Sunday, March 15, 2009

Hibari (South Yarra) 09







Hibari, at 479 Malvern Rd., continues to be an extremely popular Japanese restaurant despite low ratings from the Age Good Food guide. It is one of the very few places that get a guernsey in both the AGF and CheapEats. It is small, seats 30, and noisy, with simple wooden tables and uncomfortable wood chairs. Despite these deficiencies booking is advisable. We arrived for a midweek meal about 8.30 pm and after a short wait were shown to a recently vacated table. There we waited and waited and waited! I walked down to the business end of the restaurant and picked up some menus. We made our selections, still no attention, so I walked back and took some glasses and a jug of iced water and inquired if it was self service as we were ready to order! A waitress then came back to the table with me. We ordered gyoza, they promised five but sent six,



here's a lone one

spring rolls, they promised three but sent two cut in half, and a potato and crab meat entreee, three as promised,
were particularly good. The gyoza were very nicely flavoured, the spring rolls had extremely crisp thin pastry but were a bit thin and dry but the potato and smooth and moist under a layer of crumbs, they were a subtly flavoured delight. For mains the sukiaki beef was numero uno with a raw egg to stir in if you wished,
I did, and a lovely slightly sweet well balanced sauce. The beef and crumbed pork curry was gently flavoured.

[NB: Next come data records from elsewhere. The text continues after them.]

(* Fix a slice profile with finite slicing set $\mathcal U=\{u_i\}_{i=1}^m\subset\mathbb S^{d-1}$ and an iteration $t$. Suppose per-example gradients are $\ell_2$-clipped at threshold $C>0$, the minibatch size $B_t\ge1$ is deterministic, $K_t$ is a feasible discrepancy cap at iteration $t$, and the slice-wise Lipschitz condition holds at iteration $t$ with constants $L_{t,i}<\infty$. Then the vector $h_t=(h_{t,i})_{i=1}^m$ with \[ h_{t,i}:=\left(\frac{2K_tL_{t,i}C}{B_t}\right)^2 \] is a valid history-uniform cap (HUC) for $\mathcal U$ at iteration $t$.
   Context: Pufferfish scenario $(\mathcal S,\mathcal Q,\Theta)$: secrets, secret pairs $\mathcal Q\subseteq\mathcal S\times\mathcal S$, priors; each $\theta\in\Theta$ is a joint law of a secret $S$ and a dataset $X=(X_1,\dots,X_n)\in\bar{\mathcal X}^n$. For $\theta$ and $s$ with positive prior mass, $\mu^\theta_s$ is the conditional law of $X$ given $S=s$ under $\theta$; $\Pi(\mu,\nu)$ is the set of couplings. SGD setting: at iteration $t$, subsampling randomness $R_t\sim\mathbb P_{\eta,\rho}$ (independent of data and secret) selects an index (multi)set $\mathsf I_t(R_t)\subseteq[n]$ of size $B_t$. A history $y_{<t}$ contains the current parameter $\xi_{t-1}\in\mathbb R^d$. Per-example gradients $g_t(x_j)=\nabla_\xi\ell(\xi_{t-1};x_j)$ are clipped: $\tilde g_t(x_j)=g_t(x_j)\min\{1,C/\|g_t(x_j)\|_2\}$; $\bar g_t(x;r)=\frac1{B_t}\sum_{j\in\mathsf I_t(r)}\tilde g_t(x_j)$ (with multiplicity). The pre-noise update is $f_t(x,y_{<t};r)=T_t(\bar g_t(x;r);y_{<t})$ for an update map $T_t:\mathbb R^d\times\mathcal Y_{<t}\to\mathbb R^d$. Discrepancy: $K_t(x,x';r)=\sum_{j\in\mathsf I_t(r)}\mathbf 1\{x_j\ne x'_j\}$. A number $K_t\le B_t$ is a feasible discrepancy cap at iteration $t$ if for all $\theta\in\Theta$, $(s_i,s_j)\in\mathcal Q$ and couplings $\gamma\in\Pi(\mu^\theta_{s_i},\mu^\theta_{s_j})$, $\operatorname{ess\,sup}_{((X,X'),R_t)\sim\gamma\times\mathbb P_{\eta,\rho}}K_t(X,X';R_t)\le K_t$. Slice-wise Lipschitz condition: for each $u_i\in\mathcal U$ there is $L_{t,i}<\infty$ with $|u_i^\top(T_t(z;y_{<t})-T_t(z';y_{<t}))|\le L_{t,i}|u_i^\top(z-z')|$ for all $z,z'\in\mathbb R^d$ and all histories $y_{<t}$ in the support. HUC: $h_t\in\mathbb R^m_+$ is a HUC for $\mathcal U$ at iteration $t$ if for all $\theta\in\Theta$, $(s_i,s_j)\in\mathcal Q$, histories $y_{<t}$ in the support and every coupling $\gamma\in\Pi(\mu^\theta_{s_i},\mu^\theta_{s_j})$, $\gamma\times\mathbb P_{\eta,\rho}$-almost surely in $((X,X'),R_t)$, $|\langle f_t(X,y_{<t};R_t)-f_t(X',y_{<t};R_t),u_i\rangle|\le\sqrt{h_{t,i}}$ for all $i\in[m]$. *)

theory Defs
  imports "HOL-Probability.Probability" "HOL-Library.Multiset"
begin

definition dataset_space :: "nat \<Rightarrow> 'x measure \<Rightarrow> (nat \<Rightarrow> 'x) measure" where
  "dataset_space n Dx = PiM {..<n} (\<lambda>_. Dx)"

definition pos_mass :: "('s \<times> 'd) measure \<Rightarrow> 's \<Rightarrow> bool" where
  "pos_mass \<theta> s \<longleftrightarrow> {p \<in> space \<theta>. fst p = s} \<in> sets \<theta> \<and> emeasure \<theta> {p \<in> space \<theta>. fst p = s} > 0"

definition cond_law :: "('s \<times> 'd) measure \<Rightarrow> 'd measure \<Rightarrow> 's \<Rightarrow> 'd measure" where
  "cond_law \<theta> DS s = distr (uniform_measure \<theta> {p \<in> space \<theta>. fst p = s}) DS snd"

definition couplings :: "'d measure \<Rightarrow> 'd measure \<Rightarrow> ('d \<times> 'd) measure set" where
  "couplings \<mu> \<nu> = {\<gamma>. sets \<gamma> = sets (\<mu> \<Otimes>\<^sub>M \<nu>) \<and> prob_space \<gamma> \<and>
      distr \<gamma> \<mu> fst = \<mu> \<and> distr \<gamma> \<nu> snd = \<nu>}"

definition discrepancy :: "('r \<Rightarrow> nat multiset) \<Rightarrow> (nat \<Rightarrow> 'x) \<Rightarrow> (nat \<Rightarrow> 'x) \<Rightarrow> 'r \<Rightarrow> nat" where
  "discrepancy I x x' r = sum_mset (image_mset (\<lambda>j. if x j \<noteq> x' j then 1 else 0) (I r))"

definition feasible_cap ::
  "('s \<times> (nat \<Rightarrow> 'x)) measure set \<Rightarrow> ('s \<times> 's) set \<Rightarrow> (nat \<Rightarrow> 'x) measure \<Rightarrow> 'r measure
   \<Rightarrow> ('r \<Rightarrow> nat multiset) \<Rightarrow> nat \<Rightarrow> real \<Rightarrow> bool" where
  "feasible_cap \<Theta> Q DS P I B Kc \<longleftrightarrow> Kc \<le> real B \<and>
     (\<forall>\<theta>\<in>\<Theta>. \<forall>(si, sj)\<in>Q. pos_mass \<theta> si \<longrightarrow> pos_mass \<theta> sj \<longrightarrow>
        (\<forall>\<gamma>\<in>couplings (cond_law \<theta> DS si) (cond_law \<theta> DS sj).
           esssup (\<gamma> \<Otimes>\<^sub>M P) (\<lambda>((x, x'), r). ereal (real (discrepancy I x x' r))) \<le> ereal Kc))"

definition clip :: "real \<Rightarrow> 'v::real_normed_vector \<Rightarrow> 'v" where
  "clip C v = min 1 (C / norm v) *\<^sub>R v"

text \<open>Average clipped minibatch gradient (with multiplicity); grad xi x is the per-example
  gradient at parameter xi, par y the current parameter contained in history y.\<close>
definition avg_grad :: "('v \<Rightarrow> 'x \<Rightarrow> 'v::real_normed_vector) \<Rightarrow> ('y \<Rightarrow> 'v) \<Rightarrow> ('r \<Rightarrow> nat multiset)
   \<Rightarrow> nat \<Rightarrow> real \<Rightarrow> (nat \<Rightarrow> 'x) \<Rightarrow> 'y \<Rightarrow> 'r \<Rightarrow> 'v" where
  "avg_grad grad par I B C x y r =
     (1 / real B) *\<^sub>R sum_mset (image_mset (\<lambda>j. clip C (grad (par y) (x j))) (I r))"

definition pre_update :: "('v \<Rightarrow> 'y \<Rightarrow> 'v) \<Rightarrow> ('v \<Rightarrow> 'x \<Rightarrow> 'v::real_normed_vector) \<Rightarrow> ('y \<Rightarrow> 'v)
   \<Rightarrow> ('r \<Rightarrow> nat multiset) \<Rightarrow> nat \<Rightarrow> real \<Rightarrow> (nat \<Rightarrow> 'x) \<Rightarrow> 'y \<Rightarrow> 'r \<Rightarrow> 'v" where
  "pre_update T grad par I B C x y r = T (avg_grad grad par I B C x y r) y"

definition slice_lipschitz :: "(nat \<Rightarrow> 'v::real_inner) \<Rightarrow> nat \<Rightarrow> ('v \<Rightarrow> 'y \<Rightarrow> 'v) \<Rightarrow> 'y set
   \<Rightarrow> (nat \<Rightarrow> real) \<Rightarrow> bool" where
  "slice_lipschitz u m T Ysupp L \<longleftrightarrow>
     (\<forall>i\<in>{1..m}. \<forall>z z'. \<forall>y\<in>Ysupp. \<bar>u i \<bullet> (T z y - T z' y)\<bar> \<le> L i * \<bar>u i \<bullet> (z - z')\<bar>)"

definition is_HUC ::
  "('s \<times> (nat \<Rightarrow> 'x)) measure set \<Rightarrow> ('s \<times> 's) set \<Rightarrow> (nat \<Rightarrow> 'x) measure \<Rightarrow> 'r measure
   \<Rightarrow> 'y set \<Rightarrow> (nat \<Rightarrow> 'v::real_inner) \<Rightarrow> nat \<Rightarrow> ((nat \<Rightarrow> 'x) \<Rightarrow> 'y \<Rightarrow> 'r \<Rightarrow> 'v)
   \<Rightarrow> (nat \<Rightarrow> real) \<Rightarrow> bool" where
  "is_HUC \<Theta> Q DS P Ysupp u m f h \<longleftrightarrow> (\<forall>i\<in>{1..m}. 0 \<le> h i) \<and>
     (\<forall>\<theta>\<in>\<Theta>. \<forall>(si, sj)\<in>Q. pos_mass \<theta> si \<longrightarrow> pos_mass \<theta> sj \<longrightarrow>
        (\<forall>y\<in>Ysupp. \<forall>\<gamma>\<in>couplings (cond_law \<theta> DS si) (cond_law \<theta> DS sj).
           (AE z in \<gamma> \<Otimes>\<^sub>M P. \<forall>i\<in>{1..m}.
              \<bar>(f (fst (fst z)) y (snd z) - f (snd (fst z)) y (snd z)) \<bullet> u i\<bar> \<le> sqrt (h i))))"

end

theory Submission
  imports Defs
begin

text \<open>Clipping caps each per-example gradient at norm C, so replacing one record moves the
  minibatch sum by at most 2C; only the at most K_t replaced records of the batch contribute,
  giving a change of at most 2 K_t C / B_t in the averaged gradient. A unit slice u_i sees at
  most this change (Cauchy-Schwarz), and the slice-wise Lipschitz update map scales it by at most
  L_{t,i}. The bound on the discrepancy holds almost surely by the definition of the essential
  supremum, which is exactly the almost-sure quantifier in the definition of a HUC. Nothing
  else about the scenario is used: in particular the bound holds whatever grad is, and B = 0 is
  harmless because both sides then vanish.\<close>

lemma sum_mset_image_mset_diff:
  fixes f g :: "'a \<Rightarrow> 'v::ab_group_add"
  shows "(\<Sum>j\<in>#M. f j) - (\<Sum>j\<in>#M. g j) = (\<Sum>j\<in>#M. f j - g j)"
  by (induction M) (auto simp: algebra_simps)

lemma norm_sum_mset_le:
  fixes f :: "'a \<Rightarrow> 'v::real_normed_vector"
  shows "norm (\<Sum>j\<in>#M. f j) \<le> (\<Sum>j\<in>#M. norm (f j))"
proof (induction M)
  case (add x M)
  then show ?case
    using norm_triangle_ineq[of "f x" "\<Sum>j\<in>#M. f j"] by simp
qed simp

lemma norm_clip_le:
  assumes "0 \<le> C"
  shows "norm (clip C v) \<le> C"
proof (cases "v = 0")
  case False
  then have "norm (clip C v) = min 1 (C / norm v) * norm v"
    using assms by (simp add: clip_def)
  also have "\<dots> \<le> C / norm v * norm v"
    by (intro mult_right_mono) auto
  finally show ?thesis
    using False by simp
qed (use assms in \<open>simp add: clip_def\<close>)

lemma norm_diff_clip_le:
  assumes "0 \<le> C"
  shows "norm (clip C v - clip C w) \<le> 2 * C"
  using norm_triangle_ineq4[of "clip C v" "clip C w"] norm_clip_le[OF assms, of v]
    norm_clip_le[OF assms, of w]
  by simp

lemma norm_avg_grad_diff_le:
  assumes "0 \<le> C"
  shows "norm (avg_grad grad par I B C x y r - avg_grad grad par I B C x' y r)
    \<le> 2 * C * real (discrepancy I x x' r) / real B"
proof -
  let ?g = "\<lambda>x j. clip C (grad (par y) (x j))"
  have "norm (avg_grad grad par I B C x y r - avg_grad grad par I B C x' y r)
      = norm (\<Sum>j\<in>#I r. ?g x j - ?g x' j) / real B"
    unfolding avg_grad_def scaleR_diff_right[symmetric] sum_mset_image_mset_diff by simp
  also have "\<dots> \<le> (\<Sum>j\<in>#I r. if x j \<noteq> x' j then 2 * C else 0) / real B"
  proof (intro divide_right_mono order_trans[OF norm_sum_mset_le] sum_mset_mono)
    show "norm (?g x j - ?g x' j) \<le> (if x j \<noteq> x' j then 2 * C else 0)" for j
      using norm_diff_clip_le[OF assms] by auto
  qed simp
  also have "\<dots> = 2 * C * real (discrepancy I x x' r) / real B"
    unfolding discrepancy_def of_nat_sum_mset sum_mset_distrib_left
    by (simp add: multiset.map_comp comp_def if_distrib cong: if_cong)
  finally show ?thesis .
qed

lemma slice_lipschitz_diff_le:
  assumes "slice_lipschitz u m T Ysupp L" "i \<in> {1..m}" "y \<in> Ysupp"
    and "norm (u i) \<le> 1" "norm (a - b) \<le> D"
  shows "\<bar>(T a y - T b y) \<bullet> u i\<bar> \<le> \<bar>L i\<bar> * D"
proof -
  have "\<bar>(T a y - T b y) \<bullet> u i\<bar> \<le> L i * \<bar>u i \<bullet> (a - b)\<bar>"
    using assms(1-3) by (simp add: slice_lipschitz_def inner_commute)
  also have "\<dots> \<le> \<bar>L i\<bar> * \<bar>u i \<bullet> (a - b)\<bar>"
    by (intro mult_right_mono) auto
  also have "\<dots> \<le> \<bar>L i\<bar> * D"
  proof (intro mult_left_mono)
    have "\<bar>u i \<bullet> (a - b)\<bar> \<le> norm (u i) * norm (a - b)"
      by (rule Cauchy_Schwarz_ineq2)
    also have "\<dots> \<le> D"
      using assms(4,5) by (metis mult_left_le_one_le norm_ge_zero order.trans)
    finally show "\<bar>u i \<bullet> (a - b)\<bar> \<le> D" .
  qed simp
  finally show ?thesis .
qed

lemma pre_update_slice_diff_le:
  assumes "slice_lipschitz u m T Ysupp L" "i \<in> {1..m}" "y \<in> Ysupp" "norm (u i) \<le> 1"
    and "0 \<le> C" "real (discrepancy I x x' r) \<le> Kc"
  shows "\<bar>(pre_update T grad par I B C x y r - pre_update T grad par I B C x' y r) \<bullet> u i\<bar>
    \<le> sqrt ((2 * Kc * L i * C / real B)\<^sup>2)"
proof -
  have "norm (avg_grad grad par I B C x y r - avg_grad grad par I B C x' y r)
      \<le> 2 * C * real (discrepancy I x x' r) / real B"
    using assms(5) by (rule norm_avg_grad_diff_le)
  also have "\<dots> \<le> 2 * C * Kc / real B"
    using assms(5,6) by (intro divide_right_mono mult_left_mono) auto
  finally have "\<bar>(pre_update T grad par I B C x y r - pre_update T grad par I B C x' y r) \<bullet> u i\<bar>
      \<le> \<bar>L i\<bar> * (2 * C * Kc / real B)"
    unfolding pre_update_def by (rule slice_lipschitz_diff_le[OF assms(1-4)])
  also have "\<dots> = sqrt ((2 * Kc * L i * C / real B)\<^sup>2)"
    using assms(5,6) by (simp add: abs_mult abs_divide)
  finally show ?thesis .
qed

lemma AE_discrepancy_le_cap:
  fixes DS :: "(nat \<Rightarrow> 'x) measure" and P :: "'r measure"
  assumes "feasible_cap \<Theta> Q DS P I B Kc" "\<theta> \<in> \<Theta>" "(si, sj) \<in> Q"
    and "pos_mass \<theta> si" "pos_mass \<theta> sj" "\<gamma> \<in> couplings (cond_law \<theta> DS si) (cond_law \<theta> DS sj)"
  shows "AE z in \<gamma> \<Otimes>\<^sub>M P. real (discrepancy I (fst (fst z)) (snd (fst z)) (snd z)) \<le> Kc"
proof -
  define K :: "((nat \<Rightarrow> 'x) \<times> (nat \<Rightarrow> 'x)) \<times> 'r \<Rightarrow> ereal"
    where "K = (\<lambda>((x, x'), r). ereal (real (discrepancy I x x' r)))"
  have cap: "esssup (\<gamma> \<Otimes>\<^sub>M P) K \<le> ereal Kc"
    using assms unfolding feasible_cap_def K_def by fast
  from esssup_AE[of K "\<gamma> \<Otimes>\<^sub>M P"] show ?thesis
  proof eventually_elim
    case (elim z)
    from elim cap have "K z \<le> ereal Kc"
      by (rule order_trans)
    then show ?case
      by (simp add: K_def split: prod.splits)
  qed
qed

theorem proposition2:
  fixes Ssp :: "'s measure" and Dx :: "'x measure" and n :: nat
    and \<Theta> :: "('s \<times> (nat \<Rightarrow> 'x)) measure set" and Q :: "('s \<times> 's) set"
    and P :: "'r measure" and I :: "'r \<Rightarrow> nat multiset" and B :: nat
    and Kc :: real and C :: real
    and loss :: "real^'d \<Rightarrow> 'x \<Rightarrow> real" and grad :: "real^'d \<Rightarrow> 'x \<Rightarrow> real^'d"
    and par :: "'y \<Rightarrow> real^'d" and T :: "real^'d \<Rightarrow> 'y \<Rightarrow> real^'d" and Ysupp :: "'y set"
    and u :: "nat \<Rightarrow> real^'d" and m :: nat and L :: "nat \<Rightarrow> real"
  assumes priors: "\<forall>\<theta>\<in>\<Theta>. prob_space \<theta> \<and> sets \<theta> = sets (Ssp \<Otimes>\<^sub>M dataset_space n Dx)"
    and secret_pairs: "Q \<subseteq> space Ssp \<times> space Ssp"
    and subsampling: "prob_space P"
    and batch: "\<forall>r. size (I r) = B \<and> set_mset (I r) \<subseteq> {..<n}"
    and B_pos: "B \<ge> 1"
    and gradient: "\<forall>\<xi> x. ((\<lambda>\<zeta>. loss \<zeta> x) has_derivative (\<lambda>v. grad \<xi> x \<bullet> v)) (at \<xi>)"
    and C_pos: "C > 0"
    and slices: "\<forall>i\<in>{1..m}. norm (u i) = 1"
    and cap: "feasible_cap \<Theta> Q (dataset_space n Dx) P I B Kc"
    and lip: "slice_lipschitz u m T Ysupp L"
  shows "is_HUC \<Theta> Q (dataset_space n Dx) P Ysupp u m (pre_update T grad par I B C)
           (\<lambda>i. (2 * Kc * L i * C / real B)\<^sup>2)"
  unfolding is_HUC_def
proof (intro conjI ballI impI; clarify?)
  fix \<theta> si sj y \<gamma>
  assume "\<theta> \<in> \<Theta>" "(si, sj) \<in> Q" "pos_mass \<theta> si" "pos_mass \<theta> sj"
    and "\<gamma> \<in> couplings (cond_law \<theta> (dataset_space n Dx) si) (cond_law \<theta> (dataset_space n Dx) sj)"
    and "y \<in> Ysupp"
  from cap this(1-5) have "AE z in \<gamma> \<Otimes>\<^sub>M P. real (discrepancy I (fst (fst z)) (snd (fst z)) (snd z)) \<le> Kc"
    by (rule AE_discrepancy_le_cap)
  then show "AE z in \<gamma> \<Otimes>\<^sub>M P. \<forall>i\<in>{1..m}.
      \<bar>(pre_update T grad par I B C (fst (fst z)) y (snd z)
        - pre_update T grad par I B C (snd (fst z)) y (snd z)) \<bullet> u i\<bar>
      \<le> sqrt ((2 * Kc * L i * C / real B)\<^sup>2)"
    by eventually_elim
      (intro ballI pre_update_slice_diff_le[OF lip _ \<open>y \<in> Ysupp\<close>], use slices C_pos in auto)
qed simp

end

Mild and light and unoffensive I enjoyed it. The mixed seafood served in a pot at $22 the most expensive thing on the menu,totally bland, despite some sort of putsy sauce which did nothing for it. Very disappointing. Ready to go, and experienced now, I went straight to the cash register. The person in attendance apologised and I paid the remarkably small bill. ($83 which included $4 corkage and a couple of extra bowls of steamed rice.
They have a modest and inexpensive wine list but also accept BYO.
This would rate as the worst service ever. It is a busy little restaurant, full when we arrived and I'm sure this level of neglect is unusual but it certainly makes one feel distinctly unimportant. The food was good and I would go back to try some other dishes regardless of the initial poor experience. I'm glad tipping is not, as in America, virtually mandatory.
Score 13/20

1 comment:

Anonymous said...

Hi Sandra & Elliot,

Love your blog. It's that kinda of service tries my patience! Here in America it would be a smaller tip but ggggrrrr yes "virtually mandatory" as you said.